[[ PROVIDED DATA open ]]

lemma tendsto_log_rate: "(log_rate \<longlongrightarrow> growth_rate) at_top"
proof (rule order_tendstoI)
  fix a assume a: "a < growth_rate"
  show "\<forall>\<^sub>F t in at_top. a < log_rate t"
    using eventually_gt_at_top[of 0]
    by eventually_elim (meson a growth_rate_le_log_rate order_less_le_trans)
next
  fix a assume "growth_rate < a"
  then obtain c where c: "growth_rate < ereal c" "ereal c < a" using ereal_dense2 by blast
  then obtain c' where c': "growth_rate < ereal c'" "c' < c" using ereal_dense2 by force
  then obtain K where K: "K > 0" "\<forall>t\<ge>0. N t \<le> K * exp (c' * t)"
    using exp_bound_above_growth_rate by blast
  have "((\<lambda>t. ln K / t) \<longlongrightarrow> 0) at_top"
    by (intro tendsto_divide_0[OF tendsto_const] filterlim_at_top_imp_at_infinity filterlim_ident)
  then have "\<forall>\<^sub>F t in at_top. ln K / t < c - c'"
    using c' by (intro order_tendstoD(2)) auto
  then show "\<forall>\<^sub>F t in at_top. log_rate t < a"
    using eventually_gt_at_top[of 0]
  proof eventually_elim
    case (elim t)
    then have "log_rate t \<le> ereal (ln K / t + c')" using K by (intro log_rate_le) auto
    also have "\<dots> < ereal c" using elim by simp
    also have "\<dots> < a" by (fact c(2))
    finally show ?case .
  qed
qed

lemma root_less_iff_log_rate_less:
  assumes "n > 0" "t0 > 0" "r > 0"
  shows "root n (N (real n * t0)) < r \<longleftrightarrow> log_rate (real n * t0) < ereal (ln r / t0)"
proof -
  let ?x = "N (real n * t0)"
  have x: "?x \<ge> 0" using assms nonneg by simp
  have "root n ?x < r \<longleftrightarrow> ?x < r ^ n"
    using assms x by (metis real_root_less_iff real_root_power_cancel less_eq_real_def)
  also have "\<dots> \<longleftrightarrow> log_rate (real n * t0) < ereal (ln r / t0)"
  proof (cases "?x = 0")
    case False
    with x have "?x < r ^ n \<longleftrightarrow> ln ?x < real n * ln r"
      using assms by (simp add: ln_realpow[symmetric])
    also have "\<dots> \<longleftrightarrow> ln ?x / (real n * t0) < ln r / t0"
      using assms by (simp add: field_simps)
    finally show ?thesis using False assms by (simp add: log_rate_eq)
  qed (use assms in \<open>simp add: log_rate_eq\<close>)
  finally show ?thesis .
qed

lemma less_root_iff_less_log_rate:
  assumes "n > 0" "t0 > 0" "r > 0"
  shows "r < root n (N (real n * t0)) \<longleftrightarrow> ereal (ln r / t0) < log_rate (real n * t0)"
proof -
  let ?x = "N (real n * t0)"
  have x: "?x \<ge> 0" using assms nonneg by simp
  have "r < root n ?x \<longleftrightarrow> r ^ n < ?x"
    using assms x by (metis real_root_less_iff real_root_power_cancel less_eq_real_def)
  also have "\<dots> \<longleftrightarrow> ereal (ln r / t0) < log_rate (real n * t0)"
  proof (cases "?x = 0")
    case False
    with x have "r ^ n < ?x \<longleftrightarrow> real n * ln r < ln ?x"
      using assms by (simp add: ln_realpow[symmetric])
    also have "\<dots> \<longleftrightarrow> ln r / t0 < ln ?x / (real n * t0)"
      using assms by (simp add: field_simps)
    finally show ?thesis using False assms by (simp add: log_rate_eq)
  qed (use assms in \<open>simp add: log_rate_eq\<close>)
  finally show ?thesis .
qed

[[ PROVIDED DATA closed ]]

## TASK ITEM
Output the records again in full. Keep every character as written.

## SOLUTION FOR THIS EXERCISE
lemma tendsto_log_rate: "(log_rate \<longlongrightarrow> growth_rate) at_top"
proof (rule order_tendstoI)
  fix a assume a: "a < growth_rate"
  show "\<forall>\<^sub>F t in at_top. a < log_rate t"
    using eventually_gt_at_top[of 0]
    by eventually_elim (meson a growth_rate_le_log_rate order_less_le_trans)
next
  fix a assume "growth_rate < a"
  then obtain c where c: "growth_rate < ereal c" "ereal c < a" using ereal_dense2 by blast
  then obtain c' where c': "growth_rate < ereal c'" "c' < c" using ereal_dense2 by force
  then obtain K where K: "K > 0" "\<forall>t\<ge>0. N t \<le> K * exp (c' * t)"
    using exp_bound_above_growth_rate by blast
  have "((\<lambda>t. ln K / t) \<longlongrightarrow> 0) at_top"
    by (intro tendsto_divide_0[OF tendsto_const] filterlim_at_top_imp_at_infinity filterlim_ident)
  then have "\<forall>\<^sub>F t in at_top. ln K / t < c - c'"
    using c' by (intro order_tendstoD(2)) auto
  then show "\<forall>\<^sub>F t in at_top. log_rate t < a"
    using eventually_gt_at_top[of 0]
  proof eventually_elim
    case (elim t)
    then have "log_rate t \<le> ereal (ln K / t + c')" using K by (intro log_rate_le) auto
    also have "\<dots> < ereal c" using elim by simp
    also have "\<dots> < a" by (fact c(2))
    finally show ?case .
  qed
qed

lemma root_less_iff_log_rate_less:
  assumes "n > 0" "t0 > 0" "r > 0"
  shows "root n (N (real n * t0)) < r \<longleftrightarrow> log_rate (real n * t0) < ereal (ln r / t0)"
proof -
  let ?x = "N (real n * t0)"
  have x: "?x \<ge> 0" using assms nonneg by simp
  have "root n ?x < r \<longleftrightarrow> ?x < r ^ n"
    using assms x by (metis real_root_less_iff real_root_power_cancel less_eq_real_def)
  also have "\<dots> \<longleftrightarrow> log_rate (real n * t0) < ereal (ln r / t0)"
  proof (cases "?x = 0")
    case False
    with x have "?x < r ^ n \<longleftrightarrow> ln ?x < real n * ln r"
      using assms by (simp add: ln_realpow[symmetric])
    also have "\<dots> \<longleftrightarrow> ln ?x / (real n * t0) < ln r / t0"
      using assms by (simp add: field_simps)
    finally show ?thesis using False assms by (simp add: log_rate_eq)
  qed (use assms in \<open>simp add: log_rate_eq\<close>)
  finally show ?thesis .
qed

lemma less_root_iff_less_log_rate:
  assumes "n > 0" "t0 > 0" "r > 0"
  shows "r < root n (N (real n * t0)) \<longleftrightarrow> ereal (ln r / t0) < log_rate (real n * t0)"
proof -
  let ?x = "N (real n * t0)"
  have x: "?x \<ge> 0" using assms nonneg by simp
  have "r < root n ?x \<longleftrightarrow> r ^ n < ?x"
    using assms x by (metis real_root_less_iff real_root_power_cancel less_eq_real_def)
  also have "\<dots> \<longleftrightarrow> ereal (ln r / t0) < log_rate (real n * t0)"
  proof (cases "?x = 0")
    case False
    with x have "r ^ n < ?x \<longleftrightarrow> real n * ln r < ln ?x"
      using assms by (simp add: ln_realpow[symmetric])
    also have "\<dots> \<longleftrightarrow> ln r / t0 < ln ?x / (real n * t0)"
      using assms by (simp add: field_simps)
    finally show ?thesis using False assms by (simp add: log_rate_eq)
  qed (use assms in \<open>simp add: log_rate_eq\<close>)
  finally show ?thesis .
qed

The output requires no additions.